Unlike earlier systems, TIPS offers a single, centralized connection, replacing multiple bilateral integrations. As adoption grows and payment volumes increase, the marginal cost per transaction could drop, making the system more cost-effective. These dynamics matter most when existing interoperable systems serve as the cost-effectiveness benchmark for new implementations.
What Financial Service Providers Are Saying
IPA conducted semi-structured key informant interviews with nine firms in Tanzania to understand the impact of TIPS. What we found was a mix of positivity around long-term benefits and skepticism around short-term challenges. Below are the key takeaways.
- Operational efficiencies: FSPs acknowledge that TIPS has streamlined their operations by replacing multiple bilateral integrations with a single, centralized connection. It enables faster customer onboarding, simplifies reconciliation through a single account, and reduces the technical burden on FSPs.
- Trade-offs in centralization: While centralizing all transactions across providers reduces pre-funding requirements and enhances liquidity, reliance on one central system creates vulnerability to outages. Many FSPs, therefore, maintain the previous system as a backup.
- Cost savings are uncertain in the short term: While TIPS has introduced operational efficiencies like centralized pre-funding and streamlined reconciliation, FSPs have not yet realized significant cost savings due to upfront investments, ongoing infrastructure requirements (such as expanding and maintaining cash-in-cash-out networks), and their decision to maintain the previous system as a backup.
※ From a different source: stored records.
section \<open>Quantum operations\<close>

lemma is_qopD:
  assumes "is_qop T"
  shows "0 < qin T" "0 < qout T" "mat_linear (qin T) (qout T) (qmap T)"
    "\<And>A. A \<in> carrier_mat (qin T) (qin T) \<Longrightarrow> qmap T A \<in> carrier_mat (qout T) (qout T)"
    "\<And>A. A \<in> carrier_mat (qin T) (qin T) \<Longrightarrow> mtrace (qout T) (qmap T A) = mtrace (qin T) A"
    "\<And>k A. 0 < k \<Longrightarrow> psd (qin T * k) A \<Longrightarrow>
       psd (qout T * k) (tens_map (qin T) (qout T) (qmap T) k k (id_map k) A)"
  using assms unfolding is_qop_def mat_linear_def Let_def by auto

lemma is_qopI:
  assumes "0 < qin T" "0 < qout T" "mat_linear (qin T) (qout T) (qmap T)"
    "\<And>A. A \<notin> carrier_mat (qin T) (qin T) \<Longrightarrow> qmap T A = 0\<^sub>m (qout T) (qout T)"
    "\<And>A. A \<in> carrier_mat (qin T) (qin T) \<Longrightarrow> mtrace (qout T) (qmap T A) = mtrace (qin T) A"
    "\<And>k A. 0 < k \<Longrightarrow> psd (qin T * k) A \<Longrightarrow>
       psd (qout T * k) (tens_map (qin T) (qout T) (qmap T) k k (id_map k) A)"
  shows "is_qop T"
  using assms unfolding is_qop_def mat_linear_def Let_def by auto

lemma psd_carrier: "psd n A \<Longrightarrow> A \<in> carrier_mat n n"
  by (simp add: psd_def)

lemma psd_reindex:
  assumes B: "psd n B" and \<rho>: "bij_betw \<rho> {..<n} {..<n}"
  shows "psd n (mat n n (\<lambda>(P,Q). B $$ (\<rho> P, \<rho> Q)))"
  unfolding psd_def
proof (intro conjI allI)
  fix v :: "nat \<Rightarrow> complex"
  define w where "w = v \<circ> inv_into {..<n} \<rho>"
  have v: "v i = w (\<rho> i)" if "i < n" for i
    using that \<rho> by (simp add: w_def bij_betw_def)
  have "(\<Sum>i<n. \<Sum>j<n. cnj (v i) * mat n n (\<lambda>(P,Q). B $$ (\<rho> P, \<rho> Q)) $$ (i,j) * v j) =
        (\<Sum>i<n. \<Sum>j<n. cnj (w (\<rho> i)) * B $$ (\<rho> i, \<rho> j) * w (\<rho> j))"
    by (simp add: v)
  also have "\<dots> = (\<Sum>i<n. \<Sum>j<n. cnj (w i) * B $$ (i, j) * w j)"
    using sum.reindex_bij_betw[OF \<rho>, of "\<lambda>i. \<Sum>j<n. cnj (w i) * B $$ (i, j) * w j"]
          sum.reindex_bij_betw[OF \<rho>, of "\<lambda>j. cnj (w _) * B $$ (_, j) * w j"]
    by simp
  finally show "let z = \<Sum>i<n. \<Sum>j<n. cnj (v i) * mat n n (\<lambda>(P,Q). B $$ (\<rho> P, \<rho> Q)) $$ (i,j) * v j
         in Im z = 0 \<and> 0 \<le> Re z"
    using B unfolding psd_def Let_def by metis
qed simp

lemma is_qop_qid: "0 < k \<Longrightarrow> is_qop (qid k)"
  by (rule is_qopI) (auto simp: qid_def id_map_def mat_linear_id_map tens_map_id_id psd_carrier)

lemma qcomp_simps [simp]: "qin (qcomp F T) = qin T" "qout (qcomp F T) = qout F"
  by (simp_all add: qcomp_def)

lemma is_qop_qcomp:
  assumes F: "is_qop F" and T: "is_qop T" and "qin F = qout T"
  shows "is_qop (qcomp F T)"
proof (rule is_qopI)
  let ?n = "qin T" and ?m = "qout T" and ?m' = "qout F"
  have lF: "mat_linear ?m ?m' (qmap F)" and lT: "mat_linear ?n ?m (qmap T)"
    using is_qopD(3)[OF F] is_qopD(3)[OF T] \<open>qin F = qout T\<close> by auto
  then show "mat_linear (qin (qcomp F T)) (qout (qcomp F T)) (qmap (qcomp F T))"
    unfolding mat_linear_def qcomp_def by auto
  show "0 < qin (qcomp F T)" "0 < qout (qcomp F T)" using is_qopD(1,2) F T by auto
  show "qmap (qcomp F T) A = 0\<^sub>m (qout (qcomp F T)) (qout (qcomp F T))"
    if "A \<notin> carrier_mat (qin (qcomp F T)) (qin (qcomp F T))" for A
    using that by (simp add: qcomp_def)
  show "mtrace (qout (qcomp F T)) (qmap (qcomp F T) A) = mtrace (qin (qcomp F T)) A"
    if "A \<in> carrier_mat (qin (qcomp F T)) (qin (qcomp F T))" for A
    using that is_qopD(4,5)[OF F] is_qopD(4,5)[OF T] \<open>qin F = qout T\<close> by (simp add: qcomp_def)
  fix k A assume k: "0 < k" and A: "psd (qin (qcomp F T) * k) A"
  then have "A \<in> carrier_mat (?n*k) (?n*k)" using psd_carrier by simp
  then have "tens_map ?n ?m' (qmap (qcomp F T)) k k (id_map k) A =
        tens_map ?m ?m' (qmap F) k k (id_map k) (tens_map ?n ?m (qmap T) k k (id_map k) A)"
    by (subst tens_map_comp[OF lF mat_linear_id_map]) (auto simp: qcomp_def intro: tens_map_cong mat_linear_carrier[OF lT])
  moreover have "psd (?m*k) (tens_map ?n ?m (qmap T) k k (id_map k) A)"
    using is_qopD(6)[OF T k] A by simp
  ultimately show "psd (qout (qcomp F T) * k)
      (tens_map (qin (qcomp F T)) (qout (qcomp F T)) (qmap (qcomp F T)) k k (id_map k) A)"
    using is_qopD(6)[OF F k] \<open>qin F = qout T\<close> by simp
qed

lemma qid_simps [simp]: "qin (qid k) = k" "qout (qid k) = k"
  by (simp_all add: qid_def)

lemma qtens_simps [simp]:
  "qin (qtens T F) = qin T * qin F" "qout (qtens T F) = qout T * qout F"
  by (simp_all add: qtens_def)

lemma qmap_qtens_qid [simp]:
  "qmap (qtens T (qid k)) = tens_map (qin T) (qout T) (qmap T) k k (id_map k)"
  by (simp add: qtens_def qid_def)

lemma is_qop_qtens_qid:
  assumes T: "is_qop T" and k: "0 < k"
  shows "is_qop (qtens T (qid k))"
proof (rule is_qopI, unfold qtens_simps qid_simps qmap_qtens_qid)
  show "0 < qin T * k" "0 < qout T * k" using is_qopD(1,2)[OF T] k by auto
  show "mat_linear (qin T * k) (qout T * k) (tens_map (qin T) (qout T) (qmap T) k k (id_map k))"
    by (rule mat_linear_tens_map)
  show "tens_map (qin T) (qout T) (qmap T) k k (id_map k) A = 0\<^sub>m (qout T * k) (qout T * k)"
    if "A \<notin> carrier_mat (qin T * k) (qin T * k)" for A
    using that by (rule tens_map_outside)
  show "mtrace (qout T * k) (tens_map (qin T) (qout T) (qmap T) k k (id_map k) A) = mtrace (qin T * k) A"
    if "A \<in> carrier_mat (qin T * k) (qin T * k)" for A
    using mtrace_tens_map_id[OF is_qopD(3)[OF T] is_qopD(5)[OF T] that] .
  fix j A assume j: "0 < j" and A: "psd (qin T * k * j) A"
  then have "psd (qout T * (k*j)) (tens_map (qin T) (qout T) (qmap T) (k*j) (k*j) (id_map (k*j)) A)"
    using is_qopD(6)[OF T, of "k*j" A] k by (simp add: mult.assoc)
  then show "psd (qout T * k * j)
      (tens_map (qin T * k) (qout T * k) (tens_map (qin T) (qout T) (qmap T) k k (id_map k)) j j (id_map j) A)"
    using A by (simp add: tens_map_id_assoc psd_carrier mult.assoc)
qed

definition qperm :: "nat \<Rightarrow> (nat \<Rightarrow> nat) \<Rightarrow> qop" where
  "qperm n \<rho> = \<lparr> qin = n, qout = n,
     qmap = (\<lambda>A. if A \<in> carrier_mat n n then mat n n (\<lambda>(P,Q). A $$ (\<rho> P, \<rho> Q)) else 0\<^sub>m n n) \<rparr>"

lemma qperm_simps [simp]: "qin (qperm n \<rho>) = n" "qout (qperm n \<rho>) = n"
  by (simp_all add: qperm_def)

lemma qperm_carrier [simp]: "qmap (qperm n \<rho>) A \<in> carrier_mat n n"
  by (simp add: qperm_def)

lemma qperm_index:
  "A \<in> carrier_mat n n \<Longrightarrow> P < n \<Longrightarrow> Q < n \<Longrightarrow> qmap (qperm n \<rho>) A $$ (P,Q) = A $$ (\<rho> P, \<rho> Q)"
  by (simp add: qperm_def)

lemma tens_map_qperm_id_index:
  assumes \<rho>: "\<And>i. i < n \<Longrightarrow> \<rho> i < n"
    and A: "A \<in> carrier_mat (n*j) (n*j)" and P: "P < n*j" and Q: "Q < n*j"
  shows "tens_map n n (qmap (qperm n \<rho>)) j j (id_map j) A $$ (P,Q) =
         A $$ (\<rho> (P div j) * j + P mod j, \<rho> (Q div j) * j + Q mod j)"
proof -
  have "P div j < n" "Q div j < n" using P Q less_mult_imp_div_less by auto
  then have "tens_map n n (qmap (qperm n \<rho>)) j j (id_map j) A $$ (P,Q) = (\<Sum>I<n. \<Sum>J<n.
      if \<rho> (P div j) = I \<and> \<rho> (Q div j) = J then A $$ (I*j + P mod j, J*j + Q mod j) else 0)"
    using \<rho> by (simp add: tens_map_id_right_index[OF A P Q] qperm_def, intro sum.cong refl) auto
  then show ?thesis using \<rho> \<open>P div j < n\<close> \<open>Q div j < n\<close> by (simp add: sum_sum_delta)
qed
- FSPs don’t anticipate major cost savings without a significant increase in payment volumes: Uncertainty around future TIPS fees and cost structures further complicates financial planning. Mobile money providers noted that, unlike banks, they lack a sufficiently diversified product portfolio, limiting revenue streams and naturally resulting in lower margins compared to banks.
- Shifting market dynamics: FSPs expect TIPS to intensify market competition by reducing barriers to expansion, particularly for merchant payments, leading to a “race to the merchant” as providers compete to expand their networks. Banks, in particular, see an opportunity to leverage TIPS to offer value-added services like credit and business analytics to micro and small merchants, potentially gaining market share from mobile money providers.
A Slow but Strategic Transition
Our findings suggest that while FSPs see the long-term potential of TIPS, they are cautious. Legacy systems still remain in place, and trust in the new infrastructure will take time to build. Operational costs, which are incurred regardless of payments interoperability, undermine any benefits realized from integrating into TIPS, at least in the short term, before higher payments volumes help achieve economies of scale.
Policy Considerations
To maximize TIPS’s potential and broaden DFS adoption, policymakers should:
- Harmonize pricing policies across providers after taking time to understand the cost structures of the broader DFS sector, especially the differences between the types of institutions involved in the sector, before encouraging FSPs to reduce pricing of DFS.
- Monitor and continuously improve the functional reliability metrics of the new payment system to help build trust of FSPs before persuading them to reduce reliance on legacy systems.
- Aim to strike a balance between trying to maximize consumer welfare through lower pricing of DFS and financial sector viability to avoid discouraging FSPs from expanding product offerings and infrastructure in underserved areas.
This blog is part of IPA’s blog series on the Tanzania Affordable Digital Finance Initiative (TADFRI), which seeks to reduce DFS costs for consumers through generating robust evidence for suitable policy development in Tanzania.